Neither the heliport nor the runway is registered with Brazil’s National Aviation Agency (ANAC). They are clandestine. In July, ANAC’s press office said the case was being checked by the agency’s “intelligence sector” and indicated possible punishment for those responsible.
But Gana Gold doesn’t need to concern itself with this for now, because in early June, the agency published a temporary ruling allowing take-offs and landings in unregistered places within the Brazilian Amazon. The justification given by the government was “to facilitate the transport of medicines, supplies and patients to communities in these regions” during the pandemic.
The area where the 106-hectare airstrip was built was illegally deforested in 2018, according to a lawsuit filed by the Federal Public Prosecutor’s Office in Pará, which cites Nill Vitor da Silva, the registered owner of the land in the CAR (Rural Environmental Registry) system. Registers in the CAR are self-declared, and Silva’s is listed as still “pending”.
Silva’s name does not appear anywhere as a Gana Gold partner. This could be the reason why the complaint filed by the Prosecutor’s Office, made by the Amazônia Protege program — which uses data from INPE and IBAMA to hold deforesters accountable — does not mention that the deforested site serves as a clandestine landing strip for the mining company.
Public documents also indicate that the land operated by Gana Gold may be irregular. Through the Mapbiomas platform — a project run by environmental NGOs and universities — one can see that, aside from Nill Vitor da Silva, the area occupied by the mine comprises an area of 405 hectares also registered in the CAR registry system, also listed as “pending.” It is registered under the name Sebastião Luiz da Silva, who also has no apparent connection to the Gana Gold group.

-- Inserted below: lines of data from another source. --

lemma Tng_numer_eigenvalue:
  fixes \<tau> P :: "'a::field_char_0 poly"
  assumes E: "Tng_numer \<tau> \<alpha> \<beta> lam P 1 = 0" and P: "P \<noteq> 0" and \<tau>: "\<tau> \<noteq> 0"
  shows "lam = (of_nat (degree P) - of_nat (degree \<tau>)) * (of_nat (degree P) - of_nat (degree \<tau>) + \<alpha> + \<beta> + 1)"
proof -
  define N n t where "N = degree \<tau>" and "n = degree P" and "t = lead_coeff \<tau>"
  have d0: "degree \<tau> \<le> N" and d1: "degree ([:0, 1:] * pderiv \<tau>) \<le> N"
    and d2: "degree ([:0, 1:]^2 * pderiv (pderiv \<tau>)) \<le> N"
    using degree_euler_pderiv[of \<tau>] degree_euler_pderiv2[of \<tau>] by (simp_all add: N_def)
  have quadratic: "degree [:a, b, c:] \<le> 2" for a b c :: 'a
    by (rule degree_le) (auto simp: coeff_pCons split: nat.split)
  have top_quadratic: "coeff [:a, b, c:] 2 = c" for a b c :: 'a
    by (simp add: numeral_2_eq_2)
  note deg = degree_mult_le_add[OF quadratic] and top = coeff_mult_degree_le[OF quadratic]
  have "degree (Tng_coeff2 \<tau>) \<le> 2 + N" "degree ([:0, 1:] * Tng_coeff1 \<tau> \<alpha> \<beta>) \<le> 2 + N"
    "degree ([:0, 1:]^2 * Tng_coeff0 \<tau> \<alpha> \<beta> lam) \<le> 2 + N"
    unfolding Tng_coeff2_def euler_Tng_coeff1 euler_Tng_coeff0
    by (intro degree_add_le degree_diff_le deg d0 d1 d2)+
  then have "coeff ([:0, 1:]^2 * Tng_numer \<tau> \<alpha> \<beta> lam P 1) (2 + N + n)
      = (of_nat n * (of_nat n - 1) * coeff (Tng_coeff2 \<tau>) (2 + N)
         + of_nat n * coeff ([:0, 1:] * Tng_coeff1 \<tau> \<alpha> \<beta>) (2 + N)
         + coeff ([:0, 1:]^2 * Tng_coeff0 \<tau> \<alpha> \<beta> lam) (2 + N)) * lead_coeff P"
    unfolding Tng_numer_def ode_numer_1 n_def by (intro ode_coeff_at_infinity) simp_all
  also have "\<dots> = (of_nat n * (of_nat n - 1) * t
         + of_nat n * ((\<alpha> + \<beta> + 2) * t - 2 * (of_nat N * t))
         + (of_nat N * (of_nat N - 1) * t - (\<alpha> + \<beta> + 2) * (of_nat N * t) + 2 * (of_nat N * t) - lam * t))
         * lead_coeff P"
    unfolding Tng_coeff2_def euler_Tng_coeff1 euler_Tng_coeff0 coeff_add coeff_diff
      top[OF d0] top[OF d1] top[OF d2] coeff_euler_pderiv coeff_euler_pderiv2
    by (simp add: top_quadratic t_def N_def)
  also have "\<dots> = t * lead_coeff P *
      ((of_nat n - of_nat N) * (of_nat n - of_nat N + \<alpha> + \<beta> + 1) - lam)"
    by (simp add: algebra_simps)
  finally have "t * lead_coeff P * ((of_nat n - of_nat N) * (of_nat n - of_nat N + \<alpha> + \<beta> + 1) - lam) = 0"
    using E by simp
  then show ?thesis
    using P \<tau> by (simp add: t_def N_def n_def)
qed

section \<open>Eigenpolynomials and quasi-polynomial eigenfunctions\<close>

lemma eigenpoly_ng_iff_Tng_numer:
  assumes \<tau>: "\<tau> \<noteq> 0"
  shows "eigenpoly_ng \<tau> \<alpha> \<beta> P lam \<longleftrightarrow> P \<noteq> 0 \<and> Tng_numer \<tau> \<alpha> \<beta> lam P 1 = 0"
proof -
  have pointwise: "Tng \<tau> \<alpha> \<beta> (poly P) x = lam * poly P x \<longleftrightarrow> poly (Tng_numer \<tau> \<alpha> \<beta> lam P 1) x = 0"
    if "x \<noteq> 1" "x \<noteq> -1" "poly \<tau> x \<noteq> 0" for x
    using that by (intro Tng_eq_iff_Tng_numer) simp_all
  have fin: "finite ({1, -1} \<union> {x. poly \<tau> x = 0})"
    using poly_roots_finite[OF \<tau>] by simp
  have "(\<forall>x. x \<noteq> 1 \<and> x \<noteq> -1 \<and> poly \<tau> x \<noteq> 0 \<longrightarrow> poly (Tng_numer \<tau> \<alpha> \<beta> lam P 1) x = 0)
      \<longleftrightarrow> Tng_numer \<tau> \<alpha> \<beta> lam P 1 = 0"
  proof
    assume "\<forall>x. x \<noteq> 1 \<and> x \<noteq> -1 \<and> poly \<tau> x \<noteq> 0 \<longrightarrow> poly (Tng_numer \<tau> \<alpha> \<beta> lam P 1) x = 0"
    then show "Tng_numer \<tau> \<alpha> \<beta> lam P 1 = 0"
      by (intro poly_eq_0_if_cofinite_roots[OF fin]) blast
  qed simp
  then show ?thesis
    unfolding eigenpoly_ng_def using pointwise by blast
qed

lemma eigenpoly_ng_eigenvalue:
  assumes "\<tau> \<noteq> 0" and "eigenpoly_ng \<tau> \<alpha> \<beta> P lam"
  shows "lam = (real (degree P) - real (degree \<tau>)) * (real (degree P) - real (degree \<tau>) + \<alpha> + \<beta> + 1)"
proof -
  have "Tng_numer \<tau> \<alpha> \<beta> lam P 1 = 0" "P \<noteq> 0"
    using assms by (simp_all add: eigenpoly_ng_iff_Tng_numer)
  from Tng_numer_eigenvalue[OF this assms(1)] show ?thesis
    by simp
qed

The name Márcio Macedo Sobrinho also comes up in the CAR registry, as the owner of the precise 402 hectares where the mine is located, next to the land that would belong to Nill Vitor and Sebastião da Silva. Sobrinho’s registration, made in July 2019, comes up as “suspended” in the CAR system in Pará.
Attempts to contact Gana Gold partners Márcio Macedo Sobrinho and Domingos Dadalto Zoboli were unsuccessful and there was no answer at the numbers registered in the ANM mining process. Emails to the company were returned as having an invalid address. The same questions were sent via email to engineer Guilherme Aggens, who said by WhatsApp that he would look at the content, but he did not respond to questions about why the company is extracting 32 times the limit established by the ANM, why ownership of the land is registered in the CAR system under three different names, or even as to Aggens’ relationship with Itaituba’s Secretary of the Environment, Bruno Rolim da Silva.
In a response via Brazil’s Information Access Law, ICMBio informed me that the agency only found out about Gana Gold’s activities “by means of an institutional video being passed among WhatsApp groups in the region,” and that it began to investigate the case at the time, in April of this year.
Finally, after the Portuguese version of this article was published in The Intercept Brasil on September 16 exposing Gana Gold’s activities, ICMBio decided to take a harder stance regarding the company. On September 23, agents of the federal environmental agency seized the operation and fined Gana Gold R$ 10 million ($ 2 million) for “building, installing and operating a polluting establishment without environmental licensing,” based on article 66 of decree 6514/ 2008. The embargo affects the entire 4,000-hectare area of the Gana Gold mining process within the Tapajós Environmentally Protected Area.
This article was originally published in Portuguese in The Intercept Brasil and is part of the Pistas do Desmatamento project, which investigates the environmental impacts related to clandestine airstrips in the Amazon, a partnership with the Pulitzer Center’s Rainforest Investigations Network.